======== Available data ========

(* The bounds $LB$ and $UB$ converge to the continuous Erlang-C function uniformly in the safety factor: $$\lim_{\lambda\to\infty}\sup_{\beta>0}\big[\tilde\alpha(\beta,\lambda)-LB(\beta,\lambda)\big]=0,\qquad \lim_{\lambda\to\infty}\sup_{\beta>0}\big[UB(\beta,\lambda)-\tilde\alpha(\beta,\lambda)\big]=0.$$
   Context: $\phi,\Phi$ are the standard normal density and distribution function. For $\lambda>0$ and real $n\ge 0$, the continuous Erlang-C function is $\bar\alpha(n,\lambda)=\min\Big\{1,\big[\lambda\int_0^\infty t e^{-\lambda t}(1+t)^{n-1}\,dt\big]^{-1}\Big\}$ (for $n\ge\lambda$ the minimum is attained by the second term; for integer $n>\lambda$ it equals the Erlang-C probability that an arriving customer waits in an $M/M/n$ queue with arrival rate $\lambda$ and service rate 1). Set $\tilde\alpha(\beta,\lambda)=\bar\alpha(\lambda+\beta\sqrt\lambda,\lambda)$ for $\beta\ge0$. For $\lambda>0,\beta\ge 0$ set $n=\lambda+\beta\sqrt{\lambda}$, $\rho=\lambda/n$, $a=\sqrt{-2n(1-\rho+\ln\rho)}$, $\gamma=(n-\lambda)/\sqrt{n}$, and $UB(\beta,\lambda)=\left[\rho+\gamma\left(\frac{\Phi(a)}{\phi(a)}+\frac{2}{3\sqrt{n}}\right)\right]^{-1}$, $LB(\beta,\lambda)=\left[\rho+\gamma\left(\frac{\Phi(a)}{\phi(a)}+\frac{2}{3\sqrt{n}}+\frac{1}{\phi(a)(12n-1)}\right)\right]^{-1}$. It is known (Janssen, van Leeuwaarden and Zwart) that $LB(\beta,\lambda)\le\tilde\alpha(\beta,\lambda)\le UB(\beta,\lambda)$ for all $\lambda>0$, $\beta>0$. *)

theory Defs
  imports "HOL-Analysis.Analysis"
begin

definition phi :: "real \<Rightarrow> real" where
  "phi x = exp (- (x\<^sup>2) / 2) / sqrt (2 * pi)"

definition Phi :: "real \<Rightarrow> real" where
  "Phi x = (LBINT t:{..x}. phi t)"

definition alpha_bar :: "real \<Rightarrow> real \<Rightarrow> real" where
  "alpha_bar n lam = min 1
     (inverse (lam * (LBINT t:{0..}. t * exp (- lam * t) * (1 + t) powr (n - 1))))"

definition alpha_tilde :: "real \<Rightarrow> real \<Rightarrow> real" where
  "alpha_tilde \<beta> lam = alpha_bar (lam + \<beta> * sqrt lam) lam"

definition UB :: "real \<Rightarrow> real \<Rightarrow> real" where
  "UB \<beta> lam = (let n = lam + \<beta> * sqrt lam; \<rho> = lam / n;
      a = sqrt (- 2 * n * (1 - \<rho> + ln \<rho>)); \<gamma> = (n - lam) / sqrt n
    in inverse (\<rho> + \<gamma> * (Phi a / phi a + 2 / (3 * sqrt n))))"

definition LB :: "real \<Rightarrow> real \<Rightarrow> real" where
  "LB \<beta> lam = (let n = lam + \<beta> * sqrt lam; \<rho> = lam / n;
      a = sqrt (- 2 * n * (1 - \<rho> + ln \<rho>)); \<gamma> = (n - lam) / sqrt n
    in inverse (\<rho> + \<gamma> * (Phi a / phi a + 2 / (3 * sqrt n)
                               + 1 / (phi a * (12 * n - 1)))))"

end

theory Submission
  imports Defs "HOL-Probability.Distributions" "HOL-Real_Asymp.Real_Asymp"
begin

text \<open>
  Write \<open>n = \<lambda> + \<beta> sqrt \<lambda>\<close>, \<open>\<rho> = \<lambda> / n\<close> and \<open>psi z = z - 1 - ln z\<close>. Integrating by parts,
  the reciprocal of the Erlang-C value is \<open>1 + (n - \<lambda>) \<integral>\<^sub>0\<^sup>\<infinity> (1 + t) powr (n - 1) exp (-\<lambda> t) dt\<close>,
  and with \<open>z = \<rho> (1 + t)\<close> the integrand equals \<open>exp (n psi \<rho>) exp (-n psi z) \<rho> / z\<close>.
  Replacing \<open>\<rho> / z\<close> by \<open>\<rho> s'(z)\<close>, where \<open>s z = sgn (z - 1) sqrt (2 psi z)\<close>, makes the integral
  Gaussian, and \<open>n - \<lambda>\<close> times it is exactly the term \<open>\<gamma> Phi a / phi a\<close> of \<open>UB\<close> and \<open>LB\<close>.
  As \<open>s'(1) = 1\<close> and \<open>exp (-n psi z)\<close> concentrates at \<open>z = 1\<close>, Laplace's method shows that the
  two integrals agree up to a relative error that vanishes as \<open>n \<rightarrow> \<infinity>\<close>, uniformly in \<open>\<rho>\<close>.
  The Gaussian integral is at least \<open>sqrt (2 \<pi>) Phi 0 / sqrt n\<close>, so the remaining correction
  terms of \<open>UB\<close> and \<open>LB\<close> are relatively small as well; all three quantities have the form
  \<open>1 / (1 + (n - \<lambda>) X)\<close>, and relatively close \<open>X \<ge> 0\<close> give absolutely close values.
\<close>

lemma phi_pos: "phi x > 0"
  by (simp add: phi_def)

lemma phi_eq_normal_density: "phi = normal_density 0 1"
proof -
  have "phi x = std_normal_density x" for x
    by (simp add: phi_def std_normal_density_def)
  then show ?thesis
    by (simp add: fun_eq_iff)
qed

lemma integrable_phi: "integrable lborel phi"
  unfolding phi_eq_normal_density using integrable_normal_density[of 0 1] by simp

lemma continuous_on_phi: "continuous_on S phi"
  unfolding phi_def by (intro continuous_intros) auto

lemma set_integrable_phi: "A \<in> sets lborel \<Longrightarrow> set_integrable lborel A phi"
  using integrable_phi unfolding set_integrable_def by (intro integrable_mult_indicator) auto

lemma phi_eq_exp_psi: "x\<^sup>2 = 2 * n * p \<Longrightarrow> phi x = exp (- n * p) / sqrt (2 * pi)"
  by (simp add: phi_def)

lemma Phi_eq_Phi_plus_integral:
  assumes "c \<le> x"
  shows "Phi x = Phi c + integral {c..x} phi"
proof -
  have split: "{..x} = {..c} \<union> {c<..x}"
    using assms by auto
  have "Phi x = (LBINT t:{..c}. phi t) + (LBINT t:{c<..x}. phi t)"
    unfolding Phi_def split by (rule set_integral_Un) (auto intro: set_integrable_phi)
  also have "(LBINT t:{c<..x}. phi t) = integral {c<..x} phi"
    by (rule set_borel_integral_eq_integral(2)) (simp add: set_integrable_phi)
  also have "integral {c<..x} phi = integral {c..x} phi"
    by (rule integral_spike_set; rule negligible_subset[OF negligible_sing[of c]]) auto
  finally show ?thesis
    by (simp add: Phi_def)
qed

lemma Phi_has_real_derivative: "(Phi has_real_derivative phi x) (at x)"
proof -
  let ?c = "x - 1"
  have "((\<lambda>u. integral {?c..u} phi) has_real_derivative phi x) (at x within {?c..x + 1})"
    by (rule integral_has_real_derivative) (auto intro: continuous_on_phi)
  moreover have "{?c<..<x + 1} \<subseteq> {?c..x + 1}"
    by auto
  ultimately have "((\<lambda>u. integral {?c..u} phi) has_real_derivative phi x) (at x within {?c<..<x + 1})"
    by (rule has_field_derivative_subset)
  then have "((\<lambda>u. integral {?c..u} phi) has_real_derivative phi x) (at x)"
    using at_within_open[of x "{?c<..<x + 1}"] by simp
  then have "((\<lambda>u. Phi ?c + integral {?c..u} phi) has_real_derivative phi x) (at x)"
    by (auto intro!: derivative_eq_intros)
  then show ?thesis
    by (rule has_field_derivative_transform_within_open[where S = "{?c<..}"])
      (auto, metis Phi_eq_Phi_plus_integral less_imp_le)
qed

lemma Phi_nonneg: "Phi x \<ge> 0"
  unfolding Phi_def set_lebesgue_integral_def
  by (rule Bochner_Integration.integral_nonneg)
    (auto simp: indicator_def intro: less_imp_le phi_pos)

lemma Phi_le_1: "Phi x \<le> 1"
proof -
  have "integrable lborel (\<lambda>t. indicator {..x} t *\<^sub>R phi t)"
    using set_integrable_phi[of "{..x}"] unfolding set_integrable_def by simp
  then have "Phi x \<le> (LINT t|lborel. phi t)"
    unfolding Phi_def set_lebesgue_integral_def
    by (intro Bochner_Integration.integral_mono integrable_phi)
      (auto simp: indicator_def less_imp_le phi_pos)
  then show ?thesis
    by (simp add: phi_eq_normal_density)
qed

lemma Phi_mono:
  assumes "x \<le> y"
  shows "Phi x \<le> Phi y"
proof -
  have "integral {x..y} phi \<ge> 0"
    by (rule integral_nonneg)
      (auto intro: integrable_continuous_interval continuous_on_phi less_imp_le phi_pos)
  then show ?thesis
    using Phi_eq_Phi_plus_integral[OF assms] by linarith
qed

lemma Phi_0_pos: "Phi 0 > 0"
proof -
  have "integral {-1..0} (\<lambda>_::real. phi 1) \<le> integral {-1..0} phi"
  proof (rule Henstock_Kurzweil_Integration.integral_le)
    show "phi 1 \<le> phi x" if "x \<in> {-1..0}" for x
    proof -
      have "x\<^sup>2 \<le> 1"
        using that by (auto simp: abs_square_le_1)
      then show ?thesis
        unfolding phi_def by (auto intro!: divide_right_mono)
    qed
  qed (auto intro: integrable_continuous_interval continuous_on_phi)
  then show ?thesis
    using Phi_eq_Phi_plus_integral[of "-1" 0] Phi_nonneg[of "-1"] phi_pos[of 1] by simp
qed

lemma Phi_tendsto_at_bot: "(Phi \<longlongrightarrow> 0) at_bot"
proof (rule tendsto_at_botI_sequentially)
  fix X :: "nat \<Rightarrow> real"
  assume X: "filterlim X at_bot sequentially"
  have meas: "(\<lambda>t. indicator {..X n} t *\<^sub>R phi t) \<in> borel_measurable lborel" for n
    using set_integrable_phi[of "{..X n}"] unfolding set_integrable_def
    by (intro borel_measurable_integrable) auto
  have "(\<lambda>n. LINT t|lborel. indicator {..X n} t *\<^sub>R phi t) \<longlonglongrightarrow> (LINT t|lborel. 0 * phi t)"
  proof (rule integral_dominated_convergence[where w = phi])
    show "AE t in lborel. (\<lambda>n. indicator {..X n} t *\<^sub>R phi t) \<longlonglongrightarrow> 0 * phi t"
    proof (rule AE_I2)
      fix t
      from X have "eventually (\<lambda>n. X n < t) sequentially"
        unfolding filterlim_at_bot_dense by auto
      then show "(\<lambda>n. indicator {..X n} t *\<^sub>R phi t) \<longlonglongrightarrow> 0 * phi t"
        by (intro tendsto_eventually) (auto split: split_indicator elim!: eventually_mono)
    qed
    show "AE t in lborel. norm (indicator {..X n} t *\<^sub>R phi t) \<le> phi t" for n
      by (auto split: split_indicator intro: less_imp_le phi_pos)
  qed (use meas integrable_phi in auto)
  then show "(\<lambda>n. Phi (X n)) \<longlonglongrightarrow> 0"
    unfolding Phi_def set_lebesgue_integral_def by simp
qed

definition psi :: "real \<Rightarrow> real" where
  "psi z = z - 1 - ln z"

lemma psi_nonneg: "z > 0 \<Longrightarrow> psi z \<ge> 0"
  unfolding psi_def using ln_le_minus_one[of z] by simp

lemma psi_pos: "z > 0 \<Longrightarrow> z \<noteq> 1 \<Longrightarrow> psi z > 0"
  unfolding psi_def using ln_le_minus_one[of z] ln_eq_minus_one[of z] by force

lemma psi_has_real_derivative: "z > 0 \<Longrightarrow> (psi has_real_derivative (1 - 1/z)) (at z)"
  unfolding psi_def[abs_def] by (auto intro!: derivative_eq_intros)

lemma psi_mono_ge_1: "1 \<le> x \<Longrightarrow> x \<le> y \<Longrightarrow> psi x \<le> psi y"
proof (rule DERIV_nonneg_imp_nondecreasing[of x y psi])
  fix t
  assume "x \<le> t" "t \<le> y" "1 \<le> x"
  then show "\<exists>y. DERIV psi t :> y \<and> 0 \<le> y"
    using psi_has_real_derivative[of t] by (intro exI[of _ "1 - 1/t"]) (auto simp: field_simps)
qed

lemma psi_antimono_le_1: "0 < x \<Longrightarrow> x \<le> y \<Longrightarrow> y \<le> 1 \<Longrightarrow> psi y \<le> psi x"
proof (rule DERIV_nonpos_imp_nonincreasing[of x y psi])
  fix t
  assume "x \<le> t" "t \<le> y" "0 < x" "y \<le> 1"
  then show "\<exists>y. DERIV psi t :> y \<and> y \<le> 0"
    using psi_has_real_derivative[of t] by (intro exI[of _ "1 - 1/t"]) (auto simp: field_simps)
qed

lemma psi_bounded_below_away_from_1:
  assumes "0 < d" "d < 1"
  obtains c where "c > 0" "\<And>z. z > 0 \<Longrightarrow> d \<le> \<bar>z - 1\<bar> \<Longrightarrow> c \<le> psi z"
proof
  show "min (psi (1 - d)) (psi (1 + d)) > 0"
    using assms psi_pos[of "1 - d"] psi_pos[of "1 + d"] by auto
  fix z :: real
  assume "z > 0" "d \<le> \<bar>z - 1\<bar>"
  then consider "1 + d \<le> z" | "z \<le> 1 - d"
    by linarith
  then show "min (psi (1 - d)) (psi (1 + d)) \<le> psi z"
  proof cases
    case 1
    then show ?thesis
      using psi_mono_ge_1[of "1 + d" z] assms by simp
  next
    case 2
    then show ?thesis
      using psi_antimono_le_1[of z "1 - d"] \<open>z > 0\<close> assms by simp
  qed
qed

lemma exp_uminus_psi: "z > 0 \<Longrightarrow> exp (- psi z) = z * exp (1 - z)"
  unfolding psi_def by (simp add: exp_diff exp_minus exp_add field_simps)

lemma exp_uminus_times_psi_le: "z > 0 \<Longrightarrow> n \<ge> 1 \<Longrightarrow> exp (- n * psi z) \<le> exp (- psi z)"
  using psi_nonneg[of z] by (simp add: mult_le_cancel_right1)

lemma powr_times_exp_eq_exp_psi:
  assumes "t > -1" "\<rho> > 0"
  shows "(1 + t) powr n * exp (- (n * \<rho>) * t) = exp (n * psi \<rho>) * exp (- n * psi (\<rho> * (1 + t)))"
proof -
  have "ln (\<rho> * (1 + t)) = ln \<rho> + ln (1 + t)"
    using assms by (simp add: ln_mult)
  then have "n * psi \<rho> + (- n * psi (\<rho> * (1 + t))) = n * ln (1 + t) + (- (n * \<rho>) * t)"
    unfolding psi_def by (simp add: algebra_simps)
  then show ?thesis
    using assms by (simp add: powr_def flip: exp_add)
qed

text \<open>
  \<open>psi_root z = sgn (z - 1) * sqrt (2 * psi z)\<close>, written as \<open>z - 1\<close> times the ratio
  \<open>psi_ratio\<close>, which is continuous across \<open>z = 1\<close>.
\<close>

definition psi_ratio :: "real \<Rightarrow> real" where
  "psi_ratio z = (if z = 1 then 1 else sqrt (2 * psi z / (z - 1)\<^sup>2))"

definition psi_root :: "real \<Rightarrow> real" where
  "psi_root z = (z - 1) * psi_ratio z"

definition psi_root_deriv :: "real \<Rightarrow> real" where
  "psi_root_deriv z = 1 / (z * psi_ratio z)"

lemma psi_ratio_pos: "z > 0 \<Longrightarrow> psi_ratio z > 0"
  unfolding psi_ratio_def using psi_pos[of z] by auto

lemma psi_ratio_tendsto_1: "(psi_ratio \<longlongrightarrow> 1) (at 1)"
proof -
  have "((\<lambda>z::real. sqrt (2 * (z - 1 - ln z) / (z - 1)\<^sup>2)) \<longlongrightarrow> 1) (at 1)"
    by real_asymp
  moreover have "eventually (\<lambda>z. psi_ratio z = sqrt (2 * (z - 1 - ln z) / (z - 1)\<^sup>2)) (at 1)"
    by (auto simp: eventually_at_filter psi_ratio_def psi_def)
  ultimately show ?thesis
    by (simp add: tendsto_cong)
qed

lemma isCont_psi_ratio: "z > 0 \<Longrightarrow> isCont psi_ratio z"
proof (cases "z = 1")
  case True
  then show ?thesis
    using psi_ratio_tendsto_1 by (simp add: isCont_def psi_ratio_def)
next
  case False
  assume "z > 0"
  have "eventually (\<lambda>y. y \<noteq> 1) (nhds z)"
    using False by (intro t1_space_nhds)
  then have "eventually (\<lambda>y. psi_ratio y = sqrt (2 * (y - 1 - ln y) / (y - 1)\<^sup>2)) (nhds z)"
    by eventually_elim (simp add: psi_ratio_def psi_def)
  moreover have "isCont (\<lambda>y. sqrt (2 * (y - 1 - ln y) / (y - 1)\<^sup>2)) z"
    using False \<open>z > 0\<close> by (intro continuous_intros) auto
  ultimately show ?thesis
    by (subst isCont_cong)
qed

========

- _Instructions to follow_:
Lines to set down from above: the line with "t) = integral", the line with "by (rule Bochner_Integration.integral_nonneg)", and every line between, each exactly as written.

- _Answer space_:
  also have "(LBINT t:{c<..x}. phi t) = integral {c<..x} phi"
    by (rule set_borel_integral_eq_integral(2)) (simp add: set_integrable_phi)
  also have "integral {c<..x} phi = integral {c..x} phi"
    by (rule integral_spike_set; rule negligible_subset[OF negligible_sing[of c]]) auto
  finally show ?thesis
    by (simp add: Phi_def)
qed

lemma Phi_has_real_derivative: "(Phi has_real_derivative phi x) (at x)"
proof -
  let ?c = "x - 1"
  have "((\<lambda>u. integral {?c..u} phi) has_real_derivative phi x) (at x within {?c..x + 1})"
    by (rule integral_has_real_derivative) (auto intro: continuous_on_phi)
  moreover have "{?c<..<x + 1} \<subseteq> {?c..x + 1}"
    by auto
  ultimately have "((\<lambda>u. integral {?c..u} phi) has_real_derivative phi x) (at x within {?c<..<x + 1})"
    by (rule has_field_derivative_subset)
  then have "((\<lambda>u. integral {?c..u} phi) has_real_derivative phi x) (at x)"
    using at_within_open[of x "{?c<..<x + 1}"] by simp
  then have "((\<lambda>u. Phi ?c + integral {?c..u} phi) has_real_derivative phi x) (at x)"
    by (auto intro!: derivative_eq_intros)
  then show ?thesis
    by (rule has_field_derivative_transform_within_open[where S = "{?c<..}"])
      (auto, metis Phi_eq_Phi_plus_integral less_imp_le)
qed

lemma Phi_nonneg: "Phi x \<ge> 0"
  unfolding Phi_def set_lebesgue_integral_def
  by (rule Bochner_Integration.integral_nonneg)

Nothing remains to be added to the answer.